American Restoration: How Faith, Family, and Personal Sacrifice Can Heal Our Nation
Tim Goeglein and Craig Osten (Gateway)
There is a growing concern among Americans of various political views that our nation’s best days are behind us and that we are too divided and disheartened as a people to turn things around. In response, many thoughtful people have recently weighed in with their own diagnosis and prescription for action. To those voices, add this helpful new book by prominent evangelical leaders Tim Goeglein and Craig Osten.
From the beginning, the authors make their point of view clear by quoting the late Chuck Colson, who famously said Christians should keep in mind that “salvation won’t come from Air Force One.” This belief that the answers we need won’t come from government is a theme throughout the book. Instead of looking in that direction, the authors shift the focus to what they see as a more fundamental question: How can we restore a robust civil society rooted in the common good?
For Goeglein and Osten, the answer is found in their faith and the core moral principles of the Judeo-Christian tradition. Time and again, the authors remind Christians we already have the solutions to our country’s problems, and what we need to do is simply apply them in our spheres of influence.
In particular, Goeglein and Osten put front and center the concept of imago Dei, the belief that we are all made in the image of God. They see this principle in America’s founding documents and point to it as an example of how important this and other Christian teachings are to the moral foundation of the nation. The authors argue that if America is to have a restoration, it must start with a “moral awakening” based on this understanding of the sacredness of all life.
After asserting faith is the key to healing our country, the authors describe the problems that exist in many different aspects of American life—including religious liberty, politics, culture, education, citizenship, civility, and marriage and the family. The chapters on each of these and other topics offer a diagnosis of the problem and some suggestions of what needs to be done. Some chapters are a little thin on specific suggestions for action, but all make a strong call for the reader to get involved and take responsibility for making a difference.

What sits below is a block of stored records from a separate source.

text \<open>Rural hospitals theorem: the \<nu>-partner map injects the women who gain from \<mu> to \<nu>
  into the men who lose, and the \<mu>-partner map injects them back; by finiteness the
  latter is onto, so every gaining woman, in particular every woman single in \<mu> but not
  in \<nu>, is married in \<mu>.\<close>
theorem stable_Domain_subset:
  assumes "finite A" "finite B" and s\<mu>: "stable A B PA PB \<mu>" and s\<nu>: "stable A B PA PB \<nu>"
  shows "Domain \<nu> \<subseteq> Domain \<mu>"
proof
  fix x assume "x \<in> Domain \<nu>"
  let ?Gw = "gainers A PA \<mu> \<nu>" and ?Gm = "gainers B PB (\<nu>\<inverse>) (\<mu>\<inverse>)"
  let ?F = "\<lambda>a. the (wpartner \<nu> a)" and ?G = "\<lambda>b. the (wpartner (\<mu>\<inverse>) b)"
  have m\<mu>: "marriage B A (\<mu>\<inverse>)" and m\<nu>: "marriage A B \<nu>"
    using marriage_converse[OF stable_marriage[OF s\<mu>]] stable_marriage[OF s\<nu>] .
  have F: "(a, ?F a) \<in> \<nu> \<and> ?F a \<in> ?Gm" if "a \<in> ?Gw" for a
    using wpartner_the[OF m\<nu>] that partner_of_gainer[OF s\<mu> s\<nu> that] unfolding gainers_def by blast
  have G: "(b, ?G b) \<in> \<mu>\<inverse> \<and> ?G b \<in> ?Gw" if "b \<in> ?Gm" for b
    using wpartner_the[OF m\<mu>] that
      partner_of_gainer[OF stable_converse[OF s\<nu>] stable_converse[OF s\<mu>] that]
    unfolding gainers_def by auto
  have inj_F: "inj_on ?F ?Gw" by (rule inj_onI) (metis F marriage_injective[OF m\<nu>])
  have inj_G: "inj_on ?G ?Gm" by (rule inj_onI) (metis G marriage_injective[OF m\<mu>])
  have fin: "finite ?Gw" "finite ?Gm" using assms(1,2) unfolding gainers_def by auto
  have maps: "?F ` ?Gw \<subseteq> ?Gm" "?G ` ?Gm \<subseteq> ?Gw" using F G by auto
  have "?G ` ?Gm = ?Gw"
    using card_bij_eq[OF inj_F maps(1) inj_G maps(2) fin] card_image[OF inj_G] maps(2) fin
    by (intro card_subset_eq) auto
  moreover have "?G ` ?Gm \<subseteq> Domain \<mu>" by (auto dest!: G)
  ultimately have "?Gw \<subseteq> Domain \<mu>" by simp
  moreover have "x \<in> ?Gw" if "x \<notin> Domain \<mu>"
    using \<open>x \<in> Domain \<nu>\<close> that stable_in[OF s\<nu>] stable_acceptable[OF s\<nu>]
    by (auto simp: gainers_def wpartner_eq_None_iff[THEN iffD2])
  ultimately show "x \<in> Domain \<mu>" by blast
qed

text \<open>With the roles of the two sides exchanged this also gives the men's padded profile,
  in which f a ranks a first.\<close>
definition padded_profile ::
    "'a set \<Rightarrow> 'a set \<Rightarrow> 'a set \<Rightarrow> 'a set \<Rightarrow> ('a \<Rightarrow> 'a) \<Rightarrow> ('a \<Rightarrow> 'a) \<Rightarrow> ('a \<Rightarrow> 'a list) \<Rightarrow> 'a \<Rightarrow> 'a list"
  where
  "padded_profile A A' B B' f g P x =
     (let prefix = if x \<in> A then P x @ [f x] else if x \<in> A' then [inv_into B g x] else []
      in if x \<in> A \<union> A' then prefix @ list_of_set (B \<union> B' - set prefix) else [])"

lemma padded_profile_full:
  assumes "finite A" "finite B" "bij_betw f A B'" "bij_betw g B A'" "B \<inter> B' = {}"
    and P: "P \<in> profiles A B"
  shows "padded_profile A A' B B' f g P \<in> full_profiles (A \<union> A') (B \<union> B')"
proof -
  have fin: "finite (B \<union> B')" using assms(1-3) bij_betw_finite by auto
  have "distinct (padded_profile A A' B B' f g P x) \<and> set (padded_profile A A' B B' f g P x) = B \<union> B'"
    if "x \<in> A \<union> A'" for x
  proof (cases "x \<in> A")
    case True
    have "distinct (P x @ [f x])" "set (P x @ [f x]) \<subseteq> B \<union> B'"
      using True P bij_betw_apply[OF assms(3)] assms(5) unfolding profiles_def by auto
    moreover have "padded_profile A A' B B' f g P x = (P x @ [f x]) @ list_of_set (B \<union> B' - set (P x @ [f x]))"
      using True by (simp add: padded_profile_def)
    ultimately show ?thesis using append_list_of_set_Diff[OF fin] by metis
  next
    case False
    then have "x \<in> A'" "inv_into B g x \<in> B"
      using that bij_betw_apply[OF bij_betw_inv_into[OF assms(4)]] by auto
    then show ?thesis
      using False append_list_of_set_Diff[OF fin, of "[inv_into B g x]"] by (simp add: padded_profile_def)
  qed
  moreover have "padded_profile A A' B B' f g P x = []" if "x \<notin> A \<union> A'" for x
    using that by (simp add: padded_profile_def)
  ultimately show ?thesis unfolding full_profiles_def profiles_def by blast
qed

locale padded_market =
  fixes A A' B B' :: "'a set" and f g :: "'a \<Rightarrow> 'a" and PA PB :: "'a \<Rightarrow> 'a list"
  assumes finite: "finite A" "finite B"
    and f: "bij_betw f A B'" and g: "bij_betw g B A'"
    and disjoint: "A \<inter> A' = {}" "B \<inter> B' = {}"
    and PA: "PA \<in> profiles A B" and PB: "PB \<in> profiles B A"
begin

abbreviation "QA \<equiv> padded_profile A A' B B' f g PA"
abbreviation "QB \<equiv> padded_profile B B' A A' g f PB"

lemma swapped: "padded_market B B' A A' g f PB PA"
  by (simp add: padded_market_def finite f g disjoint PA PB)

lemma PA_subset: "x \<in> A \<Longrightarrow> set (PA x) \<subseteq> B"
  using PA unfolding profiles_def by blast

lemma f_notin_PA: "x \<in> A \<Longrightarrow> f x \<notin> set (PA x)"
  using PA_subset bij_betw_apply[OF f] disjoint by blast

lemma QA_full: "QA \<in> full_profiles (A \<union> A') (B \<union> B')"
  using padded_profile_full[OF finite f g disjoint(2) PA] .

lemma QA_eq_append: "x \<in> A \<Longrightarrow> \<exists>r. QA x = PA x @ f x # r"
  unfolding padded_profile_def by simp

lemma QB_f_eq_Cons:
  assumes "x \<in> A" shows "\<exists>r. QB (f x) = x # r"
proof -
  have "f x \<in> B'" "f x \<notin> B" "inv_into A f (f x) = x"
    using bij_betw_apply[OF f] bij_betw_inv_into_left[OF f] disjoint assms by auto
  then show ?thesis by (simp add: padded_profile_def)
qed

lemma stable_padded_partner:
  assumes st: "stable (A \<union> A') (B \<union> B') QA QB \<nu>" and x: "x \<in> A"
  shows "\<exists>z. (x, z) \<in> \<nu> \<and> (z \<in> set (PA x) \<or> z = f x)"
proof -
  have m: "marriage (A \<union> A') (B \<union> B') \<nu>" using st by (rule stable_marriage)
  obtain r where r: "QA x = PA x @ f x # r" using QA_eq_append[OF x] by blast
  obtain r' where r': "QB (f x) = x # r'" using QB_f_eq_Cons[OF x] by blast
  have fx: "f x \<in> B \<union> B'" using bij_betw_apply[OF f] x by auto
  have "\<not> prefers (QA x) (f x) (wpartner \<nu> x)"
    \<comment> \<open>otherwise x and f x would block, since f x ranks x first\<close>
  proof
    assume p: "prefers (QA x) (f x) (wpartner \<nu> x)"
    then have "(x, f x) \<notin> \<nu>" using wpartner_eq_Some[OF m] by fastforce
    then have "prefers (QB (f x)) x (mpartner \<nu> (f x))"
      using r' mpartner_SomeD[OF m] by (cases "mpartner \<nu> (f x)") auto
    then show False using stable_no_blocking_pair[OF st _ fx p] x by auto
  qed
  then obtain z where z: "wpartner \<nu> x = Some z" "rank (QA x) z \<le> rank (QA x) (f x)"
    using r by (cases "wpartner \<nu> x") auto
  have xz: "(x, z) \<in> \<nu>" using wpartner_SomeD[OF m z(1)] .
  moreover have "z \<in> set (QA x)" using stable_acceptable[OF st xz] by simp
  ultimately show ?thesis
    using rank_le_rank_append_Cons[of z "PA x" "f x" r] r z(2) f_notin_PA[OF x] by auto
qed

lemma stable_padded_partner_in_B:
  assumes st: "stable (A \<union> A') (B \<union> B') QA QB \<nu>" and "x \<in> A" "(x, z) \<in> \<nu>" "z \<in> B"
  shows "z \<in> set (PA x)"
  using stable_padded_partner[OF st \<open>x \<in> A\<close>] marriage_functional[OF stable_marriage[OF st]]
    bij_betw_apply[OF f] disjoint assms(2-4) by blast

lemma stable_padded_unmatched:
  assumes st: "stable (A \<union> A') (B \<union> B') QA QB \<nu>" and "x \<in> A" "x \<notin> Domain (\<nu> \<inter> A \<times> B)"
  shows "(x, f x) \<in> \<nu>"
  using stable_padded_partner[OF st \<open>x \<in> A\<close>] PA_subset assms(2,3) by blast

One of the strongest chapters in the book looks at the deep divisions in the country and the incivility rampant in our political discussions. The authors cite alarming statistics about the increasingly hostile views Democrats and Republicans have of each other and point out how this type of thinking can lead us to dehumanize those we disagree with. They do an excellent job of providing a balanced view of this problem and make it clear that people on both the left and right express disdain for each other and engage in hateful rhetoric. Once again, they see the solution in the application of Christian values and argue that if enough people “extend grace to those with whom we disagree,” then we can change the tone of political discussions in our country.
Some Christians who are not as conservative as Goeglein and Osten will differ from them on some of what they say about the role of government and the positions they take on specific issues. At the same time, there is much common ground Christians of all political views can find in this book. The authors’ emphasis on the need for moral renewal and the assertion that the teachings of Jesus should direct our actions in public life will resonate with liberal Protestants and Catholics, as well as evangelicals.
Finding agreement on exactly how to apply these basic principles on controversial issues is a difficult task for Christians of different views, but this book reminds us it also is an important one. If there is to be moral renewal in America, then people of faith from different political parties must find ways to work together more effectively than they do now. As the authors tell us, “The seeds of American regeneration are ready for sowing if only we have the national will.”